The capital reduction procedure in companies
What is the Capital Reduction?
The Capital Reduction is a commercial operation, which consists of the reduction or decrease of the capital figure that appears in the company's bylaws. The capital reduction would be the opposite of the capital increase, and can be constituted for different purposes or economic reasons.
As the lawyers specialized in company law explain, by means of the Capital Reduction there will be a modification of the Company's Bylaws to decrease the company's funds. To carry it out, you must have the prior agreement of the General Meeting.
The capital reduction is important that it be done at the optimal time so that the shareholders, or partners with participations, do not suffer their own capital.
To carry out a capital reduction, is it important to seek the advice of an expert lawyer in business law?
Yes, it is recommended that you seek legal advice from a law firm with experience in these matters. It is essential to do so, so that the corporate lawyers of the law firm study the financial situation of the Company and can establish correct corporate strategies to achieve the capital reduction successfully, and for the company to prosper.
What modalities of Capital Reduction are there?
There are three types of Capital Reduction:
a) Due to a decrease in the real value of the shares or participations, maintaining their number. Through this modality, the company reduces the capital with the total sum of the nominal value of these will be equal to the reduced capital figure.
b) By amortization of the shares or participations. Through this method, the necessary number is eliminated until the new reduced capital figure is reached, with the corresponding reimbursement of contributions to the partner or shareholder.
c) By grouping of shares or participations for their exchange (that is, several shares are grouped and will be replaced by a new one).
What does the capital reduction in the company entail?
As the lawyers specialized in commercial law comment, one of the effects of the capital reduction is the modification of the Company's Bylaws. These must appear in Public Deed and registered in the Mercantile Registry. It is important not to forget that the requirements for the capital reduction are the same as for the modification of the Bylaws, and that means that there will be a greater number of attendees at the General Meeting and the agreements will be approved by a qualified majority.
What are the causes that motivate the capital reduction?
One of the reasons is when you want to compensate losses, and it occurs when the amount of net worth is less than that of the share capital, it is at this time that the company can reduce the share capital in order to restore balance and that the net assets continue to be a patrimonial guarantee of the company against third parties.
In this type of reduction, the principle of parity of treatment is applied, which is that the Law expressly requires that the reduction affects all shares or participations.
In addition, this type of reduction cannot be agreed when the company can regain balance by having available reserves, which varies depending on whether it is SA or SL, nor can it lead to reimbursements from members or remission. of passive dividends (SA), since these types of reductions are merely nominal or formal, and do not imply an effective outflow of equity resources from the company.
Second, the reduction to the legal reserve can be endowed, and entails the decrease of the capital stock to increase the legal reserve, whose existence is not only mandatory, but must assume a value of at least 20% of the capital Social. In the event that we are before an S.A., the legal reserve may not exceed 10% of the share capital after making the capital reduction.
In order to apply this second type of reduction, it is essential that companies do not have available reserves (which varies depending on the type of company).

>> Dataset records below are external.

fun mapl :: "(nat \<Rightarrow> nat) \<Rightarrow> tree \<Rightarrow> tree" where
  "mapl g (Leaf a) = Leaf (g a)"
| "mapl g (Node t u) = Node (mapl g t) (mapl g u)"

fun subst_leaf :: "nat \<Rightarrow> tree \<Rightarrow> tree \<Rightarrow> tree" where
  "subst_leaf i s (Leaf a) = (if a = i then s else Leaf a)"
| "subst_leaf i s (Node t u) = Node (subst_leaf i s t) (subst_leaf i s u)"

text \<open>Partial composition t \<circ>_i s, with t of arity m and s of arity k (result of arity m+k-1).\<close>
definition pcomp :: "tree \<Rightarrow> nat \<Rightarrow> nat \<Rightarrow> tree \<Rightarrow> tree" where
  "pcomp t i k s = subst_leaf i (mapl (\<lambda>j. j + i - 1) s)
                     (mapl (\<lambda>j. if i < j then j + k - 1 else j) t)"

definition LR :: "(nat \<Rightarrow> 'f::field) \<Rightarrow> tree \<Rightarrow> 'f" where
  "LR x = (\<lambda>s. basis (Node (Node (Leaf 1) (Leaf 2)) (Leaf 3)) s
     - x 1 * basis (Node (Leaf 1) (Node (Leaf 2) (Leaf 3))) s
     - x 2 * basis (Node (Leaf 1) (Node (Leaf 3) (Leaf 2))) s
     - x 3 * basis (Node (Leaf 2) (Node (Leaf 1) (Leaf 3))) s
     - x 4 * basis (Node (Leaf 2) (Node (Leaf 3) (Leaf 1))) s
     - x 5 * basis (Node (Leaf 3) (Node (Leaf 1) (Leaf 2))) s
     - x 6 * basis (Node (Leaf 3) (Node (Leaf 2) (Leaf 1))) s)"
lemma join_edges_subtree:
  assumes T1: "increasing_tree A E1 n1" and T2: "increasing_tree B E2 n2"
    and "A \<inter> B = {}" "r \<notin> A"
  shows "(join_edges r A E1 B E2)\<^sup>* `` {Min A} = A"
proof -
  define E where "E = join_edges r A E1 B E2"
  note R1 = increasing_treeD[OF T1] and R2 = increasing_treeD[OF T2]
  have "E\<^sup>* `` {Min A} \<subseteq> E\<^sup>* `` A" using R1(4) by blast
  also have "\<dots> = A"
    using R1(2) R2(2) assms(3,4) unfolding E_def join_edges_def by (intro Image_closed_trancl) auto
  finally have "E\<^sup>* `` {Min A} \<subseteq> A" .
  moreover have "E1\<^sup>* \<subseteq> E\<^sup>*" unfolding E_def join_edges_def by (intro rtrancl_mono) auto
  ultimately show ?thesis using R1(7) unfolding E_def[symmetric] by blast
qed

lemma increasing_tree_card: "increasing_tree L E n \<Longrightarrow> card L + 1 = 2 * n"
proof (induction "card L" arbitrary: L E n rule: less_induct)
  case less
  show ?case
  proof (cases "L = {Min L}")
    case True
    then obtain a where L: "L = {a}" by blast
    then have "increasing_tree {a} E n" using less.prems by simp
    then have "n = 1" by (simp add: increasing_tree_singleton_iff)
    then show ?thesis using L by simp
  next
    case False
    obtain A B E1 E2 n1 n2 where split: "L = insert (Min L) (A \<union> B)" "A \<inter> B = {}"
      "Min L \<notin> A \<union> B" "increasing_tree A E1 n1" "increasing_tree B E2 n2" "n = n1 + n2"
      using increasing_tree_split[OF less.prems False] by metis
    have "finite A" "finite B" using increasing_treeD(1) split(4,5) by blast+
    have "card L = card (insert (Min L) (A \<union> B))" using split(1) by (rule arg_cong)
    also have "\<dots> = Suc (card A + card B)"
      using split(2,3) \<open>finite A\<close> \<open>finite B\<close> by (simp add: card_Un_disjoint)
    finally have card_L: "card L = Suc (card A + card B)" .
    then have "card A + 1 = 2 * n1" "card B + 1 = 2 * n2"
      using less.hyps[OF _ split(4)] less.hyps[OF _ split(5)] by auto
    then show ?thesis using card_L split(6) by simp
  qed
qed

lemma increasing_tree_image:
  assumes h: "strict_mono_on L h" and T: "increasing_tree L E n"
  shows "increasing_tree (h ` L) (map_prod h h ` E) n"
proof -
  have "full_binary_tree (h ` L) (map_prod h h ` E) n"
    using T strict_mono_on_imp_inj_on[OF h] full_binary_tree_image
    unfolding increasing_tree_def by blast
  moreover have "h u < h v" if "(u, v) \<in> E" for u v
    using that increasing_treeD(2,3)[OF T] strict_mono_on_less[OF h] by blast
  ultimately show ?thesis unfolding increasing_tree_def by auto
qed

section \<open>Counting increasing trees\<close>

definition increasing_trees :: "nat set \<Rightarrow> (nat \<times> nat) set set" where
  "increasing_trees L = {E. \<exists>n. increasing_tree L E n}"

lemma finite_increasing_trees: "finite L \<Longrightarrow> finite (increasing_trees L)"
proof -
  assume "finite L"
  moreover have "increasing_trees L \<subseteq> Pow (L \<times> L)"
    unfolding increasing_trees_def using increasing_treeD(2) by blast
  ultimately show ?thesis by (meson finite_Pow_iff finite_SigmaI finite_subset)
qed

lemma increasing_trees_singleton: "increasing_trees {a} = {{}}"
  unfolding increasing_trees_def using increasing_tree_singleton_iff by auto

lemma increasing_trees_even_card:
  assumes "even (card L)"
  shows "increasing_trees L = {}"
proof -
  have "\<not> increasing_tree L E n" for E n
  proof
    assume "increasing_tree L E n"
    then have "card L + 1 = 2 * n" by (rule increasing_tree_card)
    with assms show False by presburger
  qed
  then show ?thesis unfolding increasing_trees_def by blast
qed

lemma join_edges_mem_increasing_trees:
  assumes A: "A \<subseteq> M" and E: "E1 \<in> increasing_trees A" "E2 \<in> increasing_trees (M - A)"
    and above: "\<forall>a\<in>M. r < a"
  shows "join_edges r A E1 (M - A) E2 \<in> increasing_trees (insert r M)"
proof -
  obtain n1 n2 where T: "increasing_tree A E1 n1" "increasing_tree (M - A) E2 n2"
    using E unfolding increasing_trees_def by blast
  have "A \<inter> (M - A) = {}" "\<forall>a\<in>A \<union> (M - A). r < a" using A above by auto
  then have "increasing_tree (insert r (A \<union> (M - A))) (join_edges r A E1 (M - A) E2) (n1 + n2)"
    using increasing_tree_join[OF T] by blast
  moreover have "insert r (A \<union> (M - A)) = insert r M" using A by auto
  ultimately show ?thesis unfolding increasing_trees_def by auto
qed
theorem theorem5p12:
  fixes A P Q :: "'a::{alg_closed_field, field_char_0} poly mat"
    and \<phi> :: "nat \<Rightarrow> 'a poly"
    and n s :: nat
  assumes A: "A \<in> carrier_mat n n" and nonsing: "det A \<noteq> 0"
    and P: "P \<in> carrier_mat n n" "invertible_mat P"
    and Q: "Q \<in> carrier_mat n n" "invertible_mat Q"
    and monic: "\<And>i. i < n \<Longrightarrow> lead_coeff (\<phi> i) = 1"
    and divides: "\<And>i. Suc i < n \<Longrightarrow> \<phi> i dvd \<phi> (Suc i)"
    and smith: "P * A * Q = diag_poly_mat n \<phi>"
    and s: "s \<ge> 1"
  shows "(\<exists>U D. U \<in> carrier_mat n n \<and> invertible_mat U \<and> (\<forall>k<s. D k \<in> carrier_mat n n)
              \<and> A * U = monic_mat_poly n s D)
         \<longleftrightarrow> (degree (det A) = n * s \<and> det (M_mat (P * block_row_powers n s) \<phi>) \<noteq> 0)"
proof -
  interpret smith_form A P Q \<phi> n
    using A P Q smith by unfold_locales (auto dest: monic)
  show ?thesis
  proof
    assume "\<exists>U D. U \<in> carrier_mat n n \<and> invertible_mat U \<and> (\<forall>k<s. D k \<in> carrier_mat n n)
      \<and> A * U = monic_mat_poly n s D"
    then obtain U where U: "U \<in> carrier_mat n n" "invertible_mat U"
      and monic_AU: "is_monic_mat_poly s (A * U)"
      using is_monic_mat_poly_monic_mat_poly[OF s] by metis
    show "degree (det A) = n * s \<and> det (M_mat (P * block_row_powers n s) \<phi>) \<noteq> 0"
      using degree_det_right_associate_monic[OF A U monic_AU]
        det_M_mat_nonzero_if_right_associate_monic[OF s U monic_AU] by simp
  next
    assume "degree (det A) = n * s \<and> det (M_mat (P * block_row_powers n s) \<phi>) \<noteq> 0"
    then show "\<exists>U D. U \<in> carrier_mat n n \<and> invertible_mat U \<and> (\<forall>k<s. D k \<in> carrier_mat n n)
      \<and> A * U = monic_mat_poly n s D"
      using right_associate_monic_if_columns_in_range[OF A _ s] exists_low_degree_representative
      by simp
  qed
qed

end
lemma socle_pre_monomial_span:
  "socle_pre (semigroup_ring H) (monomial_span E :: 'a::field poly set)
    = monomial_span (semigroup_socle H E)"
  by (rule equalityI[OF socle_pre_monomial_span_subset monomial_span_socle_subset_socle_pre])

lemma monomial_span_quotient_one_dim_iff:
  "(\<exists>s\<in>monomial_span T. s \<notin> monomial_span E
      \<and> (\<forall>p\<in>monomial_span T. \<exists>c. p - smult c s \<in> (monomial_span E :: 'a::field poly set)))
    \<longleftrightarrow> (\<exists>n. T - E = {n})"
proof
  assume "\<exists>s\<in>monomial_span T. s \<notin> monomial_span E
      \<and> (\<forall>p\<in>monomial_span T. \<exists>c. p - smult c s \<in> (monomial_span E :: 'a poly set))"
  then obtain s :: "'a poly" where s: "s \<in> monomial_span T" "s \<notin> monomial_span E"
    and spans: "\<And>p. p \<in> monomial_span T \<Longrightarrow> \<exists>c. p - smult c s \<in> monomial_span E"
    by blast
  obtain n where n: "coeff s n \<noteq> 0" "n \<notin> E" using s(2) by (auto simp: monomial_span_def)
  with s(1) have "n \<in> T" by (auto simp: monomial_span_def)
  moreover have "n' = n" if n': "n' \<in> T" "n' \<notin> E" for n'
  proof (rule ccontr)
    assume "n' \<noteq> n"
    obtain c where "monom 1 n' - smult c s \<in> monomial_span E"
      using spans[of "monom 1 n'"] n' by auto
    then have "c * coeff s n' = 1"
      using coeff_eq_0_if_notin_monomial_span[of _ E n'] n' by fastforce
    obtain d where d: "monom 1 n - smult d s \<in> monomial_span E"
      using spans[of "monom 1 n"] \<open>n \<in> T\<close> by auto
    have "d * coeff s n = 1"
      using coeff_eq_0_if_notin_monomial_span[OF d n(2)] by simp
    moreover have "d * coeff s n' = 0"
      using coeff_eq_0_if_notin_monomial_span[OF d n'(2)] \<open>n' \<noteq> n\<close> by simp
    ultimately show False using \<open>c * coeff s n' = 1\<close> by auto
  qed
  ultimately show "\<exists>n. T - E = {n}" using n(2) by blast
next
  assume "\<exists>n. T - E = {n}"
  then obtain n where n: "T - E = {n}" by blast
  have "p - smult (coeff p n) (monom 1 n) \<in> monomial_span E"
    if "p \<in> monomial_span T" for p :: "'a poly"
    using that n by (auto simp: monomial_span_def coeff_monom)
  moreover have "monom 1 n \<in> monomial_span T - (monomial_span E :: 'a poly set)"
    using n by auto
  ultimately show "\<exists>s\<in>monomial_span T. s \<notin> monomial_span E
      \<and> (\<forall>p\<in>monomial_span T. \<exists>c. p - smult c s \<in> (monomial_span E :: 'a poly set))"
    by blast
qed

lemma gorenstein_quot_monomial_span_iff:
  "gorenstein_quot (semigroup_ring H) (monomial_span E :: 'a::field poly set)
    \<longleftrightarrow> (\<exists>n. semigroup_socle H E - E = {n})"
  unfolding gorenstein_quot_def socle_pre_monomial_span
  by (rule monomial_span_quotient_one_dim_iff)

definition nondivisors :: "nat set \<Rightarrow> nat \<Rightarrow> nat set" where
  "nondivisors H n = {h \<in> H. \<not> (h \<le> n \<and> n - h \<in> H)}"

lemma semigroup_ideal_nondivisors:
  assumes ns: "numerical_semigroup H"
  shows "semigroup_ideal H (nondivisors H n)"
  unfolding semigroup_ideal_def
proof (intro conjI subsetI ballI)
  fix h assume "h \<in> nondivisors H n"
  then show "h \<in> H" by (simp add: nondivisors_def)
next
  fix h k assume h: "h \<in> nondivisors H n" and k: "k \<in> H"
  have "\<not> (h + k \<le> n \<and> n - (h + k) \<in> H)"
  proof
    assume hk: "h + k \<le> n \<and> n - (h + k) \<in> H"
    then have "n - (h + k) + k \<in> H" using numerical_semigroup_add[OF ns] k by blast
    moreover have "n - (h + k) + k = n - h" using hk by simp
    ultimately show False using h hk by (simp add: nondivisors_def)
  qed
  with h k numerical_semigroup_add[OF ns] show "h + k \<in> nondivisors H n"
    by (simp add: nondivisors_def)
qed

lemma socle_nondivisors:
  assumes ns: "numerical_semigroup H" and n: "n \<in> H"
  shows "semigroup_socle H (nondivisors H n) - nondivisors H n = {n}"
proof (intro equalityI subsetI)
  fix s assume s: "s \<in> semigroup_socle H (nondivisors H n) - nondivisors H n"
  then have "s \<le> n" "n - s \<in> H" by (auto simp: semigroup_socle_def nondivisors_def)
  show "s \<in> {n}"
  proof (rule ccontr)
    assume "s \<notin> {n}"
    with \<open>s \<le> n\<close> have "n - s \<noteq> 0" by simp
    with s \<open>n - s \<in> H\<close> have "s + (n - s) \<in> nondivisors H n"
      unfolding semigroup_socle_def by blast
    with \<open>s \<le> n\<close> show False
      using numerical_semigroup_zero[OF ns] by (simp add: nondivisors_def)
  qed
next
  fix s assume "s \<in> {n}"
  then show "s \<in> semigroup_socle H (nondivisors H n) - nondivisors H n"
    using n numerical_semigroup_add[OF ns n] numerical_semigroup_zero[OF ns]
    by (auto simp: semigroup_socle_def nondivisors_def)
qed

Third, the reduction could be made through the constitution or increase of voluntary reserves. This type of reduction implies a considerable reduction in net worth. This represents a risk for creditors who may have their guarantees represented by the amount of share capital reduced and, as consideration, they are granted a right of opposition to the reduction.
Fourth, the capital reduction can be made through the return of the value of the contributions, it is a real reduction of the share capital, since the purpose of the operation is nothing but the restitution to the partners or shareholders of the value of the contributions they once made, which are released as a result of the divestment.
To carry out this type of capital reduction, in the case of S.L, the consent of all partners is necessary. In the case of S.A., the separate agreement of the majority of the interested shareholders will be necessary.
Fifth, and only in the case of being a Public Limited Company, the capital stock can be reduced by forgiving the obligation to make contributions or disbursements, it is a partial restitution of the value of the contributions, thus it extinguishes the credit that the Company had against the partner for the amount pending disbursement.
This type of reduction may coexist with other types of capital reductions, and it is advisable to do so when the Company has issued shares with the same nominal value for a different payment.
Can social capital be reduced and increased simultaneously?
Indeed, you can reduce the capital stock, and at the same time increase it, and this is known in practice as an accordion operation, and generally serves a purpose of financial consolidation and reintegration of capital.
Thus, through the reduction of capital, the company restores the balance between capital and the value of net worth, and makes up for accumulated losses, while with the increase it collects new contributions and rebuilds its net worth with them.
Both the capital reduction and the increase do not integrate two different operations, but rather a unitary whole in which the two agreements are mutually linked.
In the cases of capital reduction to zero or below the legal minimum figure, and in the event that it is integrated with a simultaneous capital increase, it is necessary to maintain the right of preference of the partners.